As we work and live each day, not too many of us are focused on the finish line. In fact, the whole idea of finishing up does not have very positive associations. It is associated with loss, and even death. A time when options close and ultimately cease. Something we would rather not think about. It is certainly not usually viewed as a motivating subject.
Most people under 40 are just doing whatever it takes to grow their life – relationships, family, career or business. Sometime during our 40’s we start to become aware that this issue requires a little attention. Maybe it is a health issue. Maybe it is a business or career setback. Maybe it is becoming aware that our parents are slowing down and have changing needs.
How does one measure a life?
Some consider life to be about two halves. Bob Buford wrote an influential book, called Half Time. Until 40, Buford observes that life is about success, about making our mark. After 40 he suggests we are better served to aim for a life of significance.

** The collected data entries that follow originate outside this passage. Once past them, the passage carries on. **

(* Let $d=1$, $c(x,y)=\frac12|x-y|^2$, $\nu=\frac12\delta_0+\frac12\delta_1$, let $p\in[1,\infty)$, and let $\mathcal P_{\mathrm{Lip}}(\mathbb{R})$ denote the set of probability measures on $\mathbb{R}$ with Lipschitz densities. Then there is a constant $c_p>0$ such that for all sufficiently large $n$, $$\inf_{T^{(n)}}\ \sup_{\mu\in\mathcal P_{\mathrm{Lip}}(\mathbb{R})}\ \mathbb{E}_\mu\Big[\big\|T^{(n)}-T_{\mu,\nu}\big\|^p_{L^p(\mu)}\Big]\ \ge\ \frac{c_p}{\sqrt n},$$ where the infimum is over all maps $T^{(n)}$ constructed (measurably) from $n$ i.i.d. samples of $\mu$.
   Context: $T_{\mu,\nu}$ denotes the optimal transport map from $\mu$ to $\nu$ for the quadratic cost (the unique, up to $\mu$-null sets, minimizer of $\int c(x,T(x))d\mu(x)$ among maps pushing $\mu$ to $\nu$). $\mathbb{E}_\mu$ denotes expectation over the $n$ i.i.d. samples drawn from $\mu$. *)

theory Defs
  imports "HOL-Probability.Probability"
begin

definition nu_half :: "real measure" where
  "nu_half = distr (measure_pmf (bernoulli_pmf (1/2))) borel (\<lambda>b. if b then 1 else 0)"

definition P_Lip :: "real measure set" where
  "P_Lip = {M. prob_space M \<and>
      (\<exists>f :: real \<Rightarrow> real. (\<forall>x. 0 \<le> f x) \<and> (\<exists>L. L-lipschitz_on UNIV f) \<and>
                M = density lborel (\<lambda>x. ennreal (f x)))}"
text \<open>Put \<open>t = \<rho>(1 - \<mu>)/\<mu>\<close>, so that \<open>f\<^sub>i\<close> enters the steady-state equation with
  coefficient \<open>1 + t\<close>. Solving the \<open>i\<close>-th equation for the quadratic term gives
  \<open>u\<^sub>i = t K\<^sub>i + e\<^sub>i\<close> with \<open>e\<^sub>i = a (K\<^sub>i + u\<^sub>i)/u\<^sub>i \<ge> 0\<close>, where \<open>a = (1 - \<rho>)(1 - \<mu>)/m\<close>.
  Since \<open>1 - \<mu> = \<Sum>\<^sub>j u\<^sub>j\<^sup>2/(K\<^sub>j + u\<^sub>j)\<close> and some \<open>u\<^sub>j \<ge> 1/m\<close>, the gap \<open>1 - \<mu>\<close> is bounded
  below uniformly in \<open>\<rho>\<close>; hence \<open>t\<close> and \<open>u\<^sub>i \<ge> t K\<^sub>i\<close> are too, and \<open>e\<^sub>i = O(1 - \<rho>)\<close>.
  Summing \<open>u\<^sub>i = t K\<^sub>i + e\<^sub>i\<close> then forces \<open>t \<rightarrow> 1/\<Sum>\<^sub>j K\<^sub>j\<close>, which gives both limits,
  the second through \<open>\<mu> = \<rho>/(\<rho> + t)\<close>.\<close>

definition excess_gain :: "real \<Rightarrow> real \<Rightarrow> real" where
  "excess_gain \<rho> \<mu> = \<rho> * (1 - \<mu>) / \<mu>"

lemma forage_f_fixed_point_residual:
  assumes fixed: "u = c * forage_f k u + a" and "u > 0" "k > 0"
  shows "u - (c - 1) * k = a * (k + u) / u"
proof -
  have "u * (k + u) = c * k * u + a * (k + u)"
    using fixed assms(2,3) by (simp add: forage_f_def field_simps)
  then have "u * u = a * (k + u) + (c - 1) * k * u"
    by (simp add: algebra_simps)
  then show ?thesis
    using \<open>u > 0\<close> by (simp add: field_simps)
qed

lemma diff_forage_f:
  assumes "k > 0" "u \<ge> 0"
  shows "u - forage_f k u = u\<^sup>2 / (k + u)"
  using assms by (simp add: forage_f_def field_simps power2_eq_square)

lemma steady_state_pos:
  assumes "m \<ge> 1" and ss: "is_steady_state m K \<rho> u \<mu>" and "\<rho> < 1" and i: "i \<in> {1..m}"
  shows "u i > 0"
proof -
  have "u i \<ge> 0" and "0 < \<mu>" "\<mu> < 1"
    and eq: "u i = ((1 - \<rho>) + \<rho> / \<mu>) * forage_f (K i) (u i) + (1 - \<rho>) / real m * (1 - \<mu>)"
    using ss i unfolding is_steady_state_def by blast+
  moreover have "(1 - \<rho>) / real m * (1 - \<mu>) > 0"
    using assms \<open>\<mu> < 1\<close> by simp
  ultimately show ?thesis by (cases "u i = 0") (auto simp: forage_f_def)
qed

lemma steady_state_residual:
  assumes "m \<ge> 1" and "\<And>j. j \<in> {1..m} \<Longrightarrow> K j > 0"
    and ss: "is_steady_state m K \<rho> u \<mu>" and "\<rho> < 1" and i: "i \<in> {1..m}"
  shows "u i - excess_gain \<rho> \<mu> * K i = (1 - \<rho>) / real m * (1 - \<mu>) * (K i + u i) / u i"
proof -
  have "0 < \<mu>"
    and eq: "u i = ((1 - \<rho>) + \<rho> / \<mu>) * forage_f (K i) (u i) + (1 - \<rho>) / real m * (1 - \<mu>)"
    using ss i unfolding is_steady_state_def by blast+
  then have "((1 - \<rho>) + \<rho> / \<mu>) - 1 = excess_gain \<rho> \<mu>"
    unfolding excess_gain_def by (simp add: field_simps)
  with forage_f_fixed_point_residual[OF eq steady_state_pos[OF assms(1) ss \<open>\<rho> < 1\<close> i] assms(2)[OF i]]
  show ?thesis by simp
qed

lemma steady_state_one_minus_mu:
  assumes "\<And>j. j \<in> {1..m} \<Longrightarrow> K j > 0" and ss: "is_steady_state m K \<rho> u \<mu>"
  shows "1 - \<mu> = (\<Sum>j=1..m. (u j)\<^sup>2 / (K j + u j))"
proof -
  have "(\<Sum>j=1..m. u j) = 1" "\<mu> = (\<Sum>j=1..m. forage_f (K j) (u j))" "\<forall>j\<in>{1..m}. u j \<ge> 0"
    using ss unfolding is_steady_state_def by blast+
  then have "1 - \<mu> = (\<Sum>j=1..m. u j - forage_f (K j) (u j))"
    by (simp add: sum_subtractf)
  also have "\<dots> = (\<Sum>j=1..m. (u j)\<^sup>2 / (K j + u j))"
    using assms(1) \<open>\<forall>j\<in>{1..m}. u j \<ge> 0\<close> by (intro sum.cong) (simp_all add: diff_forage_f)
  finally show ?thesis .
qed

lemma steady_state_mu_gap:
  assumes "m \<ge> 1" and Kp: "\<And>j. j \<in> {1..m} \<Longrightarrow> K j > 0" and ss: "is_steady_state m K \<rho> u \<mu>"
  shows "1 / (real m ^ 2 * ((\<Sum>j=1..m. K j) + 1)) \<le> 1 - \<mu>"
proof -
  have u_nonneg: "\<forall>j\<in>{1..m}. u j \<ge> 0" and u_sum: "(\<Sum>j=1..m. u j) = 1"
    using ss unfolding is_steady_state_def by blast+
  have "\<exists>j\<in>{1..m}. u j \<ge> 1 / real m"
  proof (rule ccontr)
    assume "\<not> ?thesis"
    then have "(\<Sum>j=1..m. u j) < (\<Sum>j=1..m. 1 / real m)"
      using \<open>m \<ge> 1\<close> by (intro sum_strict_mono) (simp_all add: not_le)
    with u_sum \<open>m \<ge> 1\<close> show False by simp
  qed
  then obtain j where j: "j \<in> {1..m}" "u j \<ge> 1 / real m" ..
  have "0 \<le> u j" "u j \<le> 1"
    using u_sum u_nonneg j(1) member_le_sum[of j "{1..m}" u] by simp_all
  moreover have "K j \<le> (\<Sum>j=1..m. K j)"
    using Kp j(1) by (intro member_le_sum) (auto intro: less_imp_le)
  ultimately have "(1 / real m)\<^sup>2 / ((\<Sum>j=1..m. K j) + 1) \<le> (u j)\<^sup>2 / (K j + u j)"
    using j \<open>m \<ge> 1\<close> Kp[OF j(1)] by (intro frac_le power_mono) auto
  also have "\<dots> \<le> (\<Sum>j=1..m. (u j)\<^sup>2 / (K j + u j))"
    using j(1) u_nonneg Kp by (intro member_le_sum) (auto intro!: divide_nonneg_pos add_pos_nonneg)
  also have "\<dots> = 1 - \<mu>"
    using steady_state_one_minus_mu[OF Kp ss] by simp
  finally show ?thesis by (simp add: power_divide)
qed
text \<open>Along any direction w orthogonal to the maximiser u the Rayleigh quotient is stationary,
  which forces w \<bullet> (A *v u) = 0.\<close>
lemma rayleigh_maximizer_eigenvector:
  fixes A :: "real^'n::finite^'n"
  assumes sym: "transpose A = A" and V: "subspace V" and inv: "\<forall>v\<in>V. A *v v \<in> V"
    and uV: "u \<in> V" and uu: "u \<bullet> u = 1"
    and max: "\<And>z. z \<in> V \<Longrightarrow> z \<bullet> (A *v z) \<le> (u \<bullet> (A *v u)) * (z \<bullet> z)"
  shows "A *v u = (u \<bullet> (A *v u)) *\<^sub>R u"
proof -
  define lam where "lam = u \<bullet> (A *v u)"
  have orth: "w \<bullet> (A *v u) = 0" if wV: "w \<in> V" and wu: "w \<bullet> u = 0" for w
  proof -
    define c where "c = w \<bullet> (A *v u)"
    have "2 * c = 0"
    proof (rule quadratic_nonpos_imp_linear_coeff_zero)
      fix t :: real
      have "u + t *\<^sub>R w \<in> V" using uV wV V by (simp add: subspace_add subspace_scale)
      note bound = max[OF this]
      have "u \<bullet> (A *v w) = c"
        using symmetric_matrix_inner[OF sym, of u w] by (simp add: c_def inner_commute)
      then have "(u + t *\<^sub>R w) \<bullet> (A *v (u + t *\<^sub>R w)) = lam + 2 * c * t + (w \<bullet> (A *v w)) * t^2"
        by (simp add: lam_def c_def matrix_vector_right_distrib matrix_vector_mult_scaleR
            inner_add_left inner_add_right power2_eq_square) (simp add: algebra_simps)
      moreover have "(u + t *\<^sub>R w) \<bullet> (u + t *\<^sub>R w) = 1 + t^2 * (w \<bullet> w)"
        using uu wu by (simp add: inner_add_left inner_add_right inner_commute power2_eq_square)
      ultimately show "2 * c * t + (w \<bullet> (A *v w) - lam * (w \<bullet> w)) * t^2 \<le> 0"
        using bound by (simp add: lam_def algebra_simps)
    qed
    then show ?thesis by (simp add: c_def)
  qed
  define r where "r = A *v u - lam *\<^sub>R u"
  have "r \<in> V" unfolding r_def using inv uV V by (simp add: subspace_diff subspace_scale)
  moreover have ru: "r \<bullet> u = 0" unfolding r_def using uu
    by (simp add: inner_diff_left inner_diff_right lam_def inner_commute)
  ultimately have "r \<bullet> (A *v u) = 0" by (rule orth)
  moreover have "r \<bullet> r = r \<bullet> (A *v u) - lam * (r \<bullet> u)"
    by (metis r_def inner_diff_right inner_scaleR_right)
  ultimately have "r = 0" using ru by simp
  then show ?thesis by (simp add: r_def lam_def)
qed
lemma signed_power_value:
  fixes z :: "'a::field"
  assumes z: "z ^ (a * m + r) = 1" "z \<noteq> 0"
  shows "(- (z ^ r)) ^ a * (z ^ m) ^ tri a = (-1) ^ a * z powi (- (int m * int a * (int a + 1) div 2))"
proof -
  define F where "F = m * a * (a + 1) div 2"
  have F: "int m * int a * (int a + 1) div 2 = int F"
    unfolding F_def by (simp add: zdiv_int algebra_simps)
  have "2 * F = m * a * (a + 1)" unfolding F_def by simp
  moreover have "m * (2 * tri a + a) = m * (a * a)" using two_tri[of a] by simp
  ultimately have "2 * (r * a + m * tri a + F) = 2 * (a * (a * m + r))" by (simp add: algebra_simps)
  then have "r * a + m * tri a + F = a * (a * m + r)" by simp
  then have "(z ^ r) ^ a * (z ^ m) ^ tri a * z ^ F = (z ^ (a * m + r)) ^ a"
    by (metis power_add power_mult mult.commute)
  then have "(z ^ r) ^ a * (z ^ m) ^ tri a = inverse (z ^ F)"
    using z by (simp add: field_simps)
  then show ?thesis unfolding F by (simp add: power_minus[of "z ^ r"] power_int_minus)
qed

text \<open>At a nontrivial p-th root of unity z the sum of the theorem takes the value
  (-1)^a z^(-m a (a+1)/2), where p | a m + r and a + s < p: with Q = z^m and u = z^r one has
  u Q^a = 1 and z^(m-r) = Q^(a+1), the summands with k > a vanish, and the remaining sum
  is the terminating summation.\<close>
lemma sum_value_at_root:
  fixes z :: complex
  assumes p: "prime p" and pm: "\<not> p dvd m" and z: "z ^ p = 1" "z \<noteq> 1"
    and as: "a + s \<le> p - 1" and da: "p dvd a * m + r" and rm: "r < m"
  shows "rf_value z (\<Sum>k<p - s. (qpoch (qvar ^ r) (qvar ^ m) k * qpoch (qvar ^ (m - r)) (qvar ^ m) (k + s))
                     / (qpoch (qvar ^ m) (qvar ^ m) k * qpoch (qvar ^ m) (qvar ^ m) (k + s)))
             ((-1) ^ a * z powi (- (int m * int a * (int a + 1) div 2)))"
proof -
  define Q where "Q = z ^ m"
  define u where "u = z ^ r"
  define T where "T k = qpoch u Q k * qpoch (Q ^ Suc a) Q (k + s) / (qpoch Q Q k * qpoch Q Q (k + s))"
    for k
  have z0: "z \<noteq> 0" using z(1) prime_gt_0_nat[OF p] by (auto simp: power_0_left)
  have za: "z ^ (a * m + r) = 1" by (rule power_eq_1_if_dvd[OF z(1) da])
  have nz: "Q ^ i \<noteq> 1" if "1 \<le> i" "i \<le> p - 1" for i
  proof -
    have "\<not> p dvd i" using that prime_gt_0_nat[OF p] by (auto dest: dvd_imp_le)
    then have "\<not> p dvd m * i" using p pm by (simp add: prime_dvd_mult_iff)
    then show ?thesis unfolding Q_def power_mult[symmetric] by (rule prime_root_of_unity_power_ne_1[OF p z])
  qed
  have u: "u * Q ^ a = 1"
    using za by (simp add: u_def Q_def power_mult[symmetric] power_add[symmetric] ac_simps)
  have mr: "z ^ (m - r) = Q ^ Suc a"
  proof -
    have "m * Suc a = (m - r) + (a * m + r)" using rm by (simp add: algebra_simps)
    then have "Q ^ Suc a = z ^ (m - r) * z ^ (a * m + r)" unfolding Q_def by (metis power_add power_mult)
    then show ?thesis using za by simp
  qed
  have "rf_value z (\<Sum>k<p - s. (qpoch (qvar ^ r) (qvar ^ m) k * qpoch (qvar ^ (m - r)) (qvar ^ m) (k + s))
                     / (qpoch (qvar ^ m) (qvar ^ m) k * qpoch (qvar ^ m) (qvar ^ m) (k + s)))
             (\<Sum>k<p - s. T k)"
  proof (rule rf_value_sum)
    fix k assume "k \<in> {..<p - s}"
    then have "k \<le> p - 1" "k + s \<le> p - 1" by auto
    then have "qpoch Q Q k \<noteq> 0" "qpoch Q Q (k + s) \<noteq> 0"
      using qpoch_nonzero[OF nz] by blast+
    moreover have "rf_value z (qvar ^ r) u" "rf_value z (qvar ^ m) Q"
      unfolding u_def Q_def by (auto intro: rf_value_power rf_value_qvar)
    moreover have "rf_value z (qvar ^ (m - r)) (Q ^ Suc a)"
      unfolding mr[symmetric] by (rule rf_value_power[OF rf_value_qvar])
    ultimately show "rf_value z ((qpoch (qvar ^ r) (qvar ^ m) k * qpoch (qvar ^ (m - r)) (qvar ^ m) (k + s))
                     / (qpoch (qvar ^ m) (qvar ^ m) k * qpoch (qvar ^ m) (qvar ^ m) (k + s))) (T k)"
      unfolding T_def by (intro rf_value_divide rf_value_mult rf_value_qpoch) simp_all
  qed
  moreover have "(\<Sum>k<p - s. T k) = (\<Sum>k\<le>a. T k)"
  proof (rule sum.mono_neutral_right)
    show "{..a} \<subseteq> {..<p - s}" using as prime_gt_0_nat[OF p] by auto
    show "\<forall>i\<in>{..<p - s} - {..a}. T i = 0"
      using u by (auto simp: T_def qpoch_def intro!: prod_zero bexI[of _ a])
  qed simp
  moreover have "(\<Sum>k\<le>a. T k) = (- u) ^ a * Q ^ tri a"
    unfolding T_def using as by (intro terminating_summation[OF nz _ u]) auto
  moreover have "(- u) ^ a * Q ^ tri a = (-1) ^ a * z powi (- (int m * int a * (int a + 1) div 2))"
    unfolding u_def Q_def by (rule signed_power_value[OF za z0])
  ultimately show ?thesis by simp
qed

With average life expectancy increasing so dramatically in the past 50 years, Jane Fonda has a TEDx Talk in which she uses a metaphor of life as 3 Acts of a Play. She calls the last segment, from 60 to 90 years, The Third Act. As a very active septuagenarian, she argues that there is huge opportunity for individuals, families and our whole society if we can help more people enjoy their Third Act and finish well.
10 key issues each person must work through to finish well in our fast-paced world:
- How to live so you leave a positive legacy
- How to manage your health effectively
- How you maintain healthy intimate relationships like marriage and friendships for the long haul
- How you rebuild relationships that have become jarred or fractured
- How to have resilience to bounce back from the setbacks and traumas of life
- How to ensure you are ready to navigate transitions ahead of the curve
- How to keep learning and growing so you stay relevant to younger generations
- How to ensure you do not become a grumpy old person
- How to manage your money to make sure you have more than enough
- How to ensure you have a strong sense of purpose and meaning for life beyond the workplace
The truth is the whole of your life is preparation to finish well.
I have learned that anything you ignore or neglect because it is hard, or you don’t know how to do it, is likely to become a much bigger problem over time. I lost a marriage because I avoided confronting some difficult issues. The process would have been painful.
My avoidance led to a season of loneliness, separation and divorce which was ultimately much more painful and it took years for me and others close to me to recover.
In my view, to finish well is more to do with who I am becoming than any achievement in life.
What do you need to confront in your life to make sure you have every chance of becoming the person you want to be, so you can finish well?